Полевой материал позволяет нам сделать вывод, что применительно к центральным районам Сардинии и всему острову в целом бродячая торговля (и ее проекции во внешнем мире) оказалась эффективным средством низвержения традиционных парадигм инаковости и отчужденности, в которых исторически пастушество видит внешний мир и которые задавали тон ментальности населения практически во всех деревнях острова.

Резюмируя, отметим, что, на наш взгляд, в Сардинии именно практики “игр обмена”, осуществляемые торговцами в течение последних полутора веков, оказались едва ли не основным фактором смягчения традиционно настороженного и жесткого отношения к “чужим”, триггером постепенного возрастания внимания и усиления любопытства широких масс населения к новым пространствам и чужим сообществам. Так, именно торговые операции послужили своего рода воротами, через которые предоставляется право входа на закрытые прежде территории чужаку и открывается возможность контактов с ним для местного населения.

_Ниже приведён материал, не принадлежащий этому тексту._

lemma convex_sublevel_comp_minkowski:
  fixes h :: "real \<Rightarrow> real"
  assumes "mono h" "convex \<Omega>"
  shows "convex {x \<in> \<Omega>. h (minkowski x) < l}"
proof (rule convexI)
  fix x y and u v :: real
  assume x: "x \<in> {x \<in> \<Omega>. h (minkowski x) < l}" and y: "y \<in> {x \<in> \<Omega>. h (minkowski x) < l}"
    and uv: "0 \<le> u" "0 \<le> v" "u + v = 1"
  have "u *\<^sub>R x + v *\<^sub>R y \<in> \<Omega>" using x y uv assms(2) by (auto intro: convexD)
  moreover have "v = 1 - u" using uv by simp
  then have "minkowski (u *\<^sub>R x + v *\<^sub>R y) \<le> max (minkowski x) (minkowski y)"
    using minkowski_convex_le_max[of u x y] uv by (simp only:)
  then have "h (minkowski (u *\<^sub>R x + v *\<^sub>R y)) \<le> max (h (minkowski x)) (h (minkowski y))"
    using assms(1) by (metis max_of_mono monoD)
  ultimately show "u *\<^sub>R x + v *\<^sub>R y \<in> {x \<in> \<Omega>. h (minkowski x) < l}" using x y by auto
qed

lemma quotient_comp_minkowski_le:
  assumes h: "c-lipschitz_on UNIV h" and \<epsilon>: "0 < \<epsilon>" "\<epsilon> < 1"
  shows "(h (minkowski x) - h (minkowski (((1 - \<epsilon>) / (1 + \<epsilon>)) *\<^sub>R x))) / \<epsilon> \<le> 2 * c * minkowski x"
proof -
  define s where "s = (1 - \<epsilon>) / (1 + \<epsilon>)"
  have s: "0 < s" "s \<le> 1" "1 - s \<le> 2 * \<epsilon>" using \<epsilon> by (auto simp: s_def field_simps)
  have "h (minkowski x) - h (minkowski (s *\<^sub>R x)) \<le> dist (h (minkowski x)) (h (s * minkowski x))"
    using s by (simp add: minkowski_scaleR dist_real_def)
  also have "\<dots> \<le> c * dist (minkowski x) (s * minkowski x)"
    using h by (rule lipschitz_onD) auto
  also have "\<dots> = c * ((1 - s) * minkowski x)"
    using s minkowski_nonneg[of x] by (simp add: dist_real_def algebra_simps mult_left_le_one_le)
  also have "\<dots> \<le> c * (2 * \<epsilon> * minkowski x)"
    using s lipschitz_on_nonneg[OF h] minkowski_nonneg[of x] by (intro mult_left_mono mult_right_mono) auto
  finally show ?thesis using \<epsilon> by (simp add: s_def pos_divide_le_eq algebra_simps)
qed

end

section \<open>Testing the entropy inequality\<close>

definition ramp :: "real \<Rightarrow> real \<Rightarrow> real" where
  "ramp \<delta> u = min 1 (max 0 ((u - 1) / (2 * \<delta>)))"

Подчеркнем также, что на фоне текущего развертывания стремящейся все унифицировать глобальной торговли факт сохранения в Сардинии традиционных торговых практик, объектов и ареалов коммерческих операций, лингвистических и этнических стереотипов в отношении покупателей и продавцов, следовательно, различных контекстов социальных взаимоотношений, связанных с торговлей, приобретает особое антропологическое значение. Консервация всех перечисленных выше феноменов тем более значима и показательна, что уже со второй половины ХХ в. традиционные коммерческие практики, равно как и многие аспекты сельского мира, детерминировавшие спрос на определенные товары, претерпели сильную трансформацию.

Немалое число существовавших веками “горных” изделий из резного дерева, меди, текстиля и т. д., исчезнувших или почти исчезнувших из круга предлагаемых странствующими торговцами товаров, в наши дни получили новое “звучание”, в основном в сфере пляжного туризма или религиозных ярмарок и фестивалей. Предметы, больше не находящие применения в повседневной жизни, сегодня имеют чисто эстетическую ценность или служат своего рода “типичным” символом культурной идентичности. Появились и новые виды промышленно произведенных товаров. При этом абсолютную жизнеспособность сохраняет старая добрая мобильная торговля традиционными продовольственными товарами – кустарными хлебом, сластями и сырами, мясными продуктами (дичью, окороками и т. д.), каштанами и фундуком, шербетами, разнообразными “плодами земли”, которые в новом сценарии жизни непосредственно апеллируют к идее культурной аутентичности гор, к истинной или предполагаемой экологической чистоте и натуральности (ПМА).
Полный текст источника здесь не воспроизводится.